Task prompt = In the listing below, find the line with "edge i of S." and the line with "by (simp add: antitranspose_def)". Repeat those two lines and all lines between them exactly.

Start of Provided data

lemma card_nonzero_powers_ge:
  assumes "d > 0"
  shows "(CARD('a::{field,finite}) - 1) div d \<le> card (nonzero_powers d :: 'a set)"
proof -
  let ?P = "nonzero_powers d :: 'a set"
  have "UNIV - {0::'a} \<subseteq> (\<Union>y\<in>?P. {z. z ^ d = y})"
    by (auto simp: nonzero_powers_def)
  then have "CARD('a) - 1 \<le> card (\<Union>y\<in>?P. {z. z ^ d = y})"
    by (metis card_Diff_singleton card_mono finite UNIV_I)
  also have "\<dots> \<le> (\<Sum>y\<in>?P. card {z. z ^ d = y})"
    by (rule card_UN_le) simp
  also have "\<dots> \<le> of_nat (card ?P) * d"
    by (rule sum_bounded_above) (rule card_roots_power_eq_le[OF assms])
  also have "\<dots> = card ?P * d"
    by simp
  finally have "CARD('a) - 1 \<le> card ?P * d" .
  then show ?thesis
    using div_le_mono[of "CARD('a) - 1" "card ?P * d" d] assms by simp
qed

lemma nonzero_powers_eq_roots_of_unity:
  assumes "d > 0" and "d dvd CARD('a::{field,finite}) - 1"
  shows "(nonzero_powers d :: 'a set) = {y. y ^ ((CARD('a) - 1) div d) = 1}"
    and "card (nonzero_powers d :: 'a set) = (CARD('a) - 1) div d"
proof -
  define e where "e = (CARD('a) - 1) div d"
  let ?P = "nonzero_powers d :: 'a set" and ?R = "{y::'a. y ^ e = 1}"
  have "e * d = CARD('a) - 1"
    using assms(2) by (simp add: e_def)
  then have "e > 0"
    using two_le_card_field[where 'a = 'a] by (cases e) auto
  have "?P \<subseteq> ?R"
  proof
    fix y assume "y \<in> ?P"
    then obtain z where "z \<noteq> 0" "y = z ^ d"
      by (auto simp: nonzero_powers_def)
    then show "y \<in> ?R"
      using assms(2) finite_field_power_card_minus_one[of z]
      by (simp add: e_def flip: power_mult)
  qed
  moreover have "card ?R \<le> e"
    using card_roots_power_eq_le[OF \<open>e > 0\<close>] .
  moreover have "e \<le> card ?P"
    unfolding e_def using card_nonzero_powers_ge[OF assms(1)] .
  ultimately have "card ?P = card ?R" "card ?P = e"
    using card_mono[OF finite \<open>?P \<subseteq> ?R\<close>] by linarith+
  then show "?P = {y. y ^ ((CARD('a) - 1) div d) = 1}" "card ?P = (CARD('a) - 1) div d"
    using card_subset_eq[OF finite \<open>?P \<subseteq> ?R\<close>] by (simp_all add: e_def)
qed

End of Provided data
Start of Provided data

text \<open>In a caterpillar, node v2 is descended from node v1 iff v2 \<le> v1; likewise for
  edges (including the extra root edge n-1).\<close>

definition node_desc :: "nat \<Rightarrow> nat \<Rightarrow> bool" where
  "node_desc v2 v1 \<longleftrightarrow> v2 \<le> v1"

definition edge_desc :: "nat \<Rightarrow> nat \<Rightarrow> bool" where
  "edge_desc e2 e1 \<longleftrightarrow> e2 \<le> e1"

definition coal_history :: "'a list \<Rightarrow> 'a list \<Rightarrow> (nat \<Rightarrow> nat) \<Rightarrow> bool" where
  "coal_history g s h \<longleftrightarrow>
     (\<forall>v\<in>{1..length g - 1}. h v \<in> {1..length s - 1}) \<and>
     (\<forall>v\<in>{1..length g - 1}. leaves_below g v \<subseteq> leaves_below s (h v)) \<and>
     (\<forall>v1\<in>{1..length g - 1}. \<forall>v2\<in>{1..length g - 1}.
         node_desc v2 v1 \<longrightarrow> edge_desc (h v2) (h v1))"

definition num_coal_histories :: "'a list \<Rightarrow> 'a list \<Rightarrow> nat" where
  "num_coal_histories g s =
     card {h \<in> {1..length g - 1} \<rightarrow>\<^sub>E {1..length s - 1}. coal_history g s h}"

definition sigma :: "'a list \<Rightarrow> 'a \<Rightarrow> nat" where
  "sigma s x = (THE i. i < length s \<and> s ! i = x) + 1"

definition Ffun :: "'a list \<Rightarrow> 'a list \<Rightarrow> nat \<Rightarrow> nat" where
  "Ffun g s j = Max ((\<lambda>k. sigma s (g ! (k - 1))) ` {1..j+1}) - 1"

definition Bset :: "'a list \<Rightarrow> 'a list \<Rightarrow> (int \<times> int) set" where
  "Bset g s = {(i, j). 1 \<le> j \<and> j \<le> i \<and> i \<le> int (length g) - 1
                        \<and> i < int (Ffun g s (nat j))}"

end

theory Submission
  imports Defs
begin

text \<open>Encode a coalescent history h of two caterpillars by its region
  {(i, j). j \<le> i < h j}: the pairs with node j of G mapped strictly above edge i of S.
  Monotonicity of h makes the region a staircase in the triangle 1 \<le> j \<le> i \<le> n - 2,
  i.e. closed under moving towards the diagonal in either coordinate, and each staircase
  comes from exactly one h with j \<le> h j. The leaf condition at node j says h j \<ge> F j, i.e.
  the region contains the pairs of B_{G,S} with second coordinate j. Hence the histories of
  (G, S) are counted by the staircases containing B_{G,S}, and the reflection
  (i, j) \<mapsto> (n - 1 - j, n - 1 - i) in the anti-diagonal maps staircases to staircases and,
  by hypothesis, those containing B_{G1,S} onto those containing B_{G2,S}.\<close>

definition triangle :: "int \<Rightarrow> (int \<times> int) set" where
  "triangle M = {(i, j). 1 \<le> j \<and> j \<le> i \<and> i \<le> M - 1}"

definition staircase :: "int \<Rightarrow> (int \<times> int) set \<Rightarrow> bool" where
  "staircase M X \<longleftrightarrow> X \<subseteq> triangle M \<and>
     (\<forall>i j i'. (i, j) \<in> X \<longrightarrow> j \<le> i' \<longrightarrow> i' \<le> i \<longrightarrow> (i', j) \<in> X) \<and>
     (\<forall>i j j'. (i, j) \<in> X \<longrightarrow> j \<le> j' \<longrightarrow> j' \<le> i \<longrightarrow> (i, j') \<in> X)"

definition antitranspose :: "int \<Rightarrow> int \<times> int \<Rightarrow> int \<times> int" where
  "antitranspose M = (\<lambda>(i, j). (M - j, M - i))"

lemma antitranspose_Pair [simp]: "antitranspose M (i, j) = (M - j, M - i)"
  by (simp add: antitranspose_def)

End of Provided data
Start of Provided data

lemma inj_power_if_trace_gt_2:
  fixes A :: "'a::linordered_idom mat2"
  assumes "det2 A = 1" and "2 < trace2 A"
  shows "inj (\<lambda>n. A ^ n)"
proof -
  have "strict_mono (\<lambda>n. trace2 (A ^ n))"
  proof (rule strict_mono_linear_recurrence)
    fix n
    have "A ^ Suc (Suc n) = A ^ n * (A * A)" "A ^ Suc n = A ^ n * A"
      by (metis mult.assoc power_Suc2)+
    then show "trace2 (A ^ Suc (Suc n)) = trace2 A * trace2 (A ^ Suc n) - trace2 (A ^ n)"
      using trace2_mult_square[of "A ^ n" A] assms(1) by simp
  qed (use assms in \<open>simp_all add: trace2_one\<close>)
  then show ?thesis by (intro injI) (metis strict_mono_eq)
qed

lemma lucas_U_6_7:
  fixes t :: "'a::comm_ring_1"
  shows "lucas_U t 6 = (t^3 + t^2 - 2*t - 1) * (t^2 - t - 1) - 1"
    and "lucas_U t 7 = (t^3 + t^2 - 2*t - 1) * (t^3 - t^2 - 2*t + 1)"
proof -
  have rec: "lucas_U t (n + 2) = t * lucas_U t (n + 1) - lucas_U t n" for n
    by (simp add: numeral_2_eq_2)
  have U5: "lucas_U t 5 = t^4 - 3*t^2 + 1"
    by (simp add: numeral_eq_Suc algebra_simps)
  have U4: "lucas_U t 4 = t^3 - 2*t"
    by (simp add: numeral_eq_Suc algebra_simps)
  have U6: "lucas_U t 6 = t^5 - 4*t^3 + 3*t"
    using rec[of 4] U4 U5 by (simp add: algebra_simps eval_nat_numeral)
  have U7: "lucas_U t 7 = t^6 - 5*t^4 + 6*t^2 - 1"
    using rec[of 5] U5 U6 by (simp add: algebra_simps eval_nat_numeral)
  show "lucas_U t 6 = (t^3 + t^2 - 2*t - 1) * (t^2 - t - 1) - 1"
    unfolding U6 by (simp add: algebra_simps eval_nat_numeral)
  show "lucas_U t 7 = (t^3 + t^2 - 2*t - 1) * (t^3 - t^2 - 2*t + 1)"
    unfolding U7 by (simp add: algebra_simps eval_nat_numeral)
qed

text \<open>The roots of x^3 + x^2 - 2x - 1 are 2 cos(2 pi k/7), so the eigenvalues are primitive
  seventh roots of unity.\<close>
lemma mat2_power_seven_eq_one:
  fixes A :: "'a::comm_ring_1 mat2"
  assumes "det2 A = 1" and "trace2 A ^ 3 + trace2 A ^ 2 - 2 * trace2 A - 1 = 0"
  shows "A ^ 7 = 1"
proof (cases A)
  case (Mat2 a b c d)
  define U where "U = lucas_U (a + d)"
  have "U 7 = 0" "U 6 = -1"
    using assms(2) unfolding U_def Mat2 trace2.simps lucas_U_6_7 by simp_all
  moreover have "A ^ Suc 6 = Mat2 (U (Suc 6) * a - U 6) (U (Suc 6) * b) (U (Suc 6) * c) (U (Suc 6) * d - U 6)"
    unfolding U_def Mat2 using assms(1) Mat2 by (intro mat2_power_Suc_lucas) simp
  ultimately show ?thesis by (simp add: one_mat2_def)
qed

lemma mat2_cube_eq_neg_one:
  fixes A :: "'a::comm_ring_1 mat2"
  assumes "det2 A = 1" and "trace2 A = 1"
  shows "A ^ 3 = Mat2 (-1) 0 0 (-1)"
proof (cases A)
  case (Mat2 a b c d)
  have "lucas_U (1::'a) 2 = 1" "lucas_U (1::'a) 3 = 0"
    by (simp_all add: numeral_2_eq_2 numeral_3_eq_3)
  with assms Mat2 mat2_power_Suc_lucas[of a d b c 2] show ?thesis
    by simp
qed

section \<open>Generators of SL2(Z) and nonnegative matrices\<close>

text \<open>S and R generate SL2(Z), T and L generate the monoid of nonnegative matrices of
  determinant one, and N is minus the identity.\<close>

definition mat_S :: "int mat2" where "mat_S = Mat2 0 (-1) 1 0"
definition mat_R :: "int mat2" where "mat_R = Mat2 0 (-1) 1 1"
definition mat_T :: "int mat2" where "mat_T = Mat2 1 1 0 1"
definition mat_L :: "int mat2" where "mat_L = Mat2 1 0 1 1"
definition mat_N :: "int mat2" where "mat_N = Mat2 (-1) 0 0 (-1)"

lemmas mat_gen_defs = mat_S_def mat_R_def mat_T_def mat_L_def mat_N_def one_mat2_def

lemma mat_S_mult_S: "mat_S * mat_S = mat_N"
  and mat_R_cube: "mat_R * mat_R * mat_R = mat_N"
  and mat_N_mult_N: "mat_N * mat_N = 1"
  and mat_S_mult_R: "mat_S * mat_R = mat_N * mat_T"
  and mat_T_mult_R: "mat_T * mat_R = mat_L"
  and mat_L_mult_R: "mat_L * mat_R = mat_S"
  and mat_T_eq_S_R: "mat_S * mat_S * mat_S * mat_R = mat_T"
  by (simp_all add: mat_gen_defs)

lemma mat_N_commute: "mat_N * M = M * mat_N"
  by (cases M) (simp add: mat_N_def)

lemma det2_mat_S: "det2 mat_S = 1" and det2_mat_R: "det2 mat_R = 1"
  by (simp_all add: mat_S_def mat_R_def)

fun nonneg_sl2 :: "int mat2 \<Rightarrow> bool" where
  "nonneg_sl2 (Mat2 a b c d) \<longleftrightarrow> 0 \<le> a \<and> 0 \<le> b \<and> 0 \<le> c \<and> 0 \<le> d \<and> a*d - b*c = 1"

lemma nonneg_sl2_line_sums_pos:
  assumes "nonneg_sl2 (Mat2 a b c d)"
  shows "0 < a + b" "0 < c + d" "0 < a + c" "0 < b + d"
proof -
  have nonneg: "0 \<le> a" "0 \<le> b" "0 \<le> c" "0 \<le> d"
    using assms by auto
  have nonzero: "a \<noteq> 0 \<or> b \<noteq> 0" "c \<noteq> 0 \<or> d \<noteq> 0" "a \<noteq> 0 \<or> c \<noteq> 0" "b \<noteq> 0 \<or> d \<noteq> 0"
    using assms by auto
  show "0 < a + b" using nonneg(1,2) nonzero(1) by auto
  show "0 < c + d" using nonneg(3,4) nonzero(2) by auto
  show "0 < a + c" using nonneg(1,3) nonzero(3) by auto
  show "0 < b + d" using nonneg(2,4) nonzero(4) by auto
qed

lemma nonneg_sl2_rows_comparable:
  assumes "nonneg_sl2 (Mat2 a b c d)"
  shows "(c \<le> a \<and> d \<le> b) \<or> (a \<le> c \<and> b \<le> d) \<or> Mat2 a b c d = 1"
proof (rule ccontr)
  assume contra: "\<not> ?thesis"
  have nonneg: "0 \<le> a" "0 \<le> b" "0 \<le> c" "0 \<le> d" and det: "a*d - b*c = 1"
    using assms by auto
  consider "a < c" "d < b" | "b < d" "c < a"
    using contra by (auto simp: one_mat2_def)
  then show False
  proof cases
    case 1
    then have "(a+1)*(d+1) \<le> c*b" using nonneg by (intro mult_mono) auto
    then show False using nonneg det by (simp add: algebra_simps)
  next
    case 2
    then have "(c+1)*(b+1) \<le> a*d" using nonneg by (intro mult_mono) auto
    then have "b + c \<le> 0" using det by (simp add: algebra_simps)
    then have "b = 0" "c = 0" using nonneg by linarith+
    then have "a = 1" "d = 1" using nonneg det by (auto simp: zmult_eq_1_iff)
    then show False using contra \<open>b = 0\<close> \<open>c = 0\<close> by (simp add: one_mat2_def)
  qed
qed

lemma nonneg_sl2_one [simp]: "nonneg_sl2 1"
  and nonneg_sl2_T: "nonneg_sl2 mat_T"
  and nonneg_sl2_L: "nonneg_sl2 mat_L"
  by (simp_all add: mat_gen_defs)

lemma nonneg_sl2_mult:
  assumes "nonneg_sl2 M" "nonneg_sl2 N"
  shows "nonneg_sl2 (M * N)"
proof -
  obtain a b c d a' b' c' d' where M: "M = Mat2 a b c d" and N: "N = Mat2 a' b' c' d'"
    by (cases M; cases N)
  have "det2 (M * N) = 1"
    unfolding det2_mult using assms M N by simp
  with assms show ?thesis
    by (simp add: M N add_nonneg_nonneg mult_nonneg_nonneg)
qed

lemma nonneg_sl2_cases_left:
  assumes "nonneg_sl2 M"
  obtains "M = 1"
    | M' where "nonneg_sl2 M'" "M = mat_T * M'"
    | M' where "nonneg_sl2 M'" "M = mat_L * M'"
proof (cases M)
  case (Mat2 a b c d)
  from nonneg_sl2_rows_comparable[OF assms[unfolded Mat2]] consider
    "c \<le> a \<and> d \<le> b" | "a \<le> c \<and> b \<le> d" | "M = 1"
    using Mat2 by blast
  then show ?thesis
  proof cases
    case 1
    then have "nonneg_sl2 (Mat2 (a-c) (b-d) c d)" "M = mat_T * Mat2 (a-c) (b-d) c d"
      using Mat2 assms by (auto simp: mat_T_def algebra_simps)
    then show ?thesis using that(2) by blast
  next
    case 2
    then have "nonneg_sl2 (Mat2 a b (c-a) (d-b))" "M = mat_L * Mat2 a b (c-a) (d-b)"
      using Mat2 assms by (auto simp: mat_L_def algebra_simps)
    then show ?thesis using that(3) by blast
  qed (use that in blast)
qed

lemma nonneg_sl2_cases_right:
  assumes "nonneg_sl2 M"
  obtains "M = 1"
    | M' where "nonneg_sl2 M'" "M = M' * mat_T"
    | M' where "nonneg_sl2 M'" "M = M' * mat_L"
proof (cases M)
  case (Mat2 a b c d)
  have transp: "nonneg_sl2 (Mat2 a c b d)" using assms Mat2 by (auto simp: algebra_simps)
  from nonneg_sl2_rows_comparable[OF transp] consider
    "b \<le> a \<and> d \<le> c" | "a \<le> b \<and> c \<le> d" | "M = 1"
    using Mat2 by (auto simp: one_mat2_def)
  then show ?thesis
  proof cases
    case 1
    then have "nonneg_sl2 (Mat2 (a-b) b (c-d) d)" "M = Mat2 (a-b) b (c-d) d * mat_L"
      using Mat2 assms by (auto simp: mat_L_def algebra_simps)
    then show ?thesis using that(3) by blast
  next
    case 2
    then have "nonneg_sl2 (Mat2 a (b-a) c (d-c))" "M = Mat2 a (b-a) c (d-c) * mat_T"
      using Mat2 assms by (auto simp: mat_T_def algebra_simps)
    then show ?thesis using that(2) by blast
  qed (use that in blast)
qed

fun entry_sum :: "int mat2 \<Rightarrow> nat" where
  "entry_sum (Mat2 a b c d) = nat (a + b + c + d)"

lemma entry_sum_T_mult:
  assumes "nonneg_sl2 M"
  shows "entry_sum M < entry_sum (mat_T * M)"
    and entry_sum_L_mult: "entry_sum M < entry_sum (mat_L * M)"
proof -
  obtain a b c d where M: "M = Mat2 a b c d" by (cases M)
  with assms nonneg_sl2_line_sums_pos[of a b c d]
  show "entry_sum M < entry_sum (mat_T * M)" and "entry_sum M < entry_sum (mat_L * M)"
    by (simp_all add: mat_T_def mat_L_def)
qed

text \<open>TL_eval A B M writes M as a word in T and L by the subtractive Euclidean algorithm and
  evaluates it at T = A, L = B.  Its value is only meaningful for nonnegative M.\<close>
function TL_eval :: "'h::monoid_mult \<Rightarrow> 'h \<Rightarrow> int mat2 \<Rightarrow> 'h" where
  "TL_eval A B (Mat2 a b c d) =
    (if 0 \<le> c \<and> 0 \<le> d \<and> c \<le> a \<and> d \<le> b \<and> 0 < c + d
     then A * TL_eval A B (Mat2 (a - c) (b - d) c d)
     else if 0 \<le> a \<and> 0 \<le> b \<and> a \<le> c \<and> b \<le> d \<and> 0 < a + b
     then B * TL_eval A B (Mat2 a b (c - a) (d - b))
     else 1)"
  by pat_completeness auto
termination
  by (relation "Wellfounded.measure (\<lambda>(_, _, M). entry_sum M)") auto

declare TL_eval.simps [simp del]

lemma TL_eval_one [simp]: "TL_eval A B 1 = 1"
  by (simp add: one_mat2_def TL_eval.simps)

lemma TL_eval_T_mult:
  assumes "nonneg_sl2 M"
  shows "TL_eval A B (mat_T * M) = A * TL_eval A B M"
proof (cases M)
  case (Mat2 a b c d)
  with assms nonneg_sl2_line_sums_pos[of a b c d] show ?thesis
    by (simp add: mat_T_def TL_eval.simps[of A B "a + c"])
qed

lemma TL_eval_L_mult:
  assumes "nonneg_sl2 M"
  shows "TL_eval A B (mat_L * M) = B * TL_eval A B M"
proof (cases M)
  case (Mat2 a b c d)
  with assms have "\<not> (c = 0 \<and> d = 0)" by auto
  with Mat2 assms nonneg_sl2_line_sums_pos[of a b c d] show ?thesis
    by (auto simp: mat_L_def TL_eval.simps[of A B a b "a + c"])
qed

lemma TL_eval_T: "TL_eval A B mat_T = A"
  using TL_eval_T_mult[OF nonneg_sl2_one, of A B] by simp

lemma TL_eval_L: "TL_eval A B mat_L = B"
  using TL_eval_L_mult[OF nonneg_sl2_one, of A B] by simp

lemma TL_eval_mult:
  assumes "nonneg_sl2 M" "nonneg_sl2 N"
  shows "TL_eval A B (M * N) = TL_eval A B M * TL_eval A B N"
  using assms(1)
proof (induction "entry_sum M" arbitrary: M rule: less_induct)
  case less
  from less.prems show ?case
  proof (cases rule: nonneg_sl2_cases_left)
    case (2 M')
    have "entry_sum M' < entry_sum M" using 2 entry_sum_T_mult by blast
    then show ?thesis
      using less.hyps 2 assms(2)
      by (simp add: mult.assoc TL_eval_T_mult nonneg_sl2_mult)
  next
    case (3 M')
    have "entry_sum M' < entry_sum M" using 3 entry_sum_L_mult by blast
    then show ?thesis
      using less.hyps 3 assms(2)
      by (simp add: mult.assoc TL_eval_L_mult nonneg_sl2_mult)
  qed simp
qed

End of Provided data

Task response =
  {(i, j). j \<le> i < h j}: the pairs with node j of G mapped strictly above edge i of S.
  Monotonicity of h makes the region a staircase in the triangle 1 \<le> j \<le> i \<le> n - 2,
  i.e. closed under moving towards the diagonal in either coordinate, and each staircase
  comes from exactly one h with j \<le> h j. The leaf condition at node j says h j \<ge> F j, i.e.
  the region contains the pairs of B_{G,S} with second coordinate j. Hence the histories of
  (G, S) are counted by the staircases containing B_{G,S}, and the reflection
  (i, j) \<mapsto> (n - 1 - j, n - 1 - i) in the anti-diagonal maps staircases to staircases and,
  by hypothesis, those containing B_{G1,S} onto those containing B_{G2,S}.\<close>

definition triangle :: "int \<Rightarrow> (int \<times> int) set" where
  "triangle M = {(i, j). 1 \<le> j \<and> j \<le> i \<and> i \<le> M - 1}"

definition staircase :: "int \<Rightarrow> (int \<times> int) set \<Rightarrow> bool" where
  "staircase M X \<longleftrightarrow> X \<subseteq> triangle M \<and>
     (\<forall>i j i'. (i, j) \<in> X \<longrightarrow> j \<le> i' \<longrightarrow> i' \<le> i \<longrightarrow> (i', j) \<in> X) \<and>
     (\<forall>i j j'. (i, j) \<in> X \<longrightarrow> j \<le> j' \<longrightarrow> j' \<le> i \<longrightarrow> (i, j') \<in> X)"

definition antitranspose :: "int \<Rightarrow> int \<times> int \<Rightarrow> int \<times> int" where
  "antitranspose M = (\<lambda>(i, j). (M - j, M - i))"

lemma antitranspose_Pair [simp]: "antitranspose M (i, j) = (M - j, M - i)"
  by (simp add: antitranspose_def)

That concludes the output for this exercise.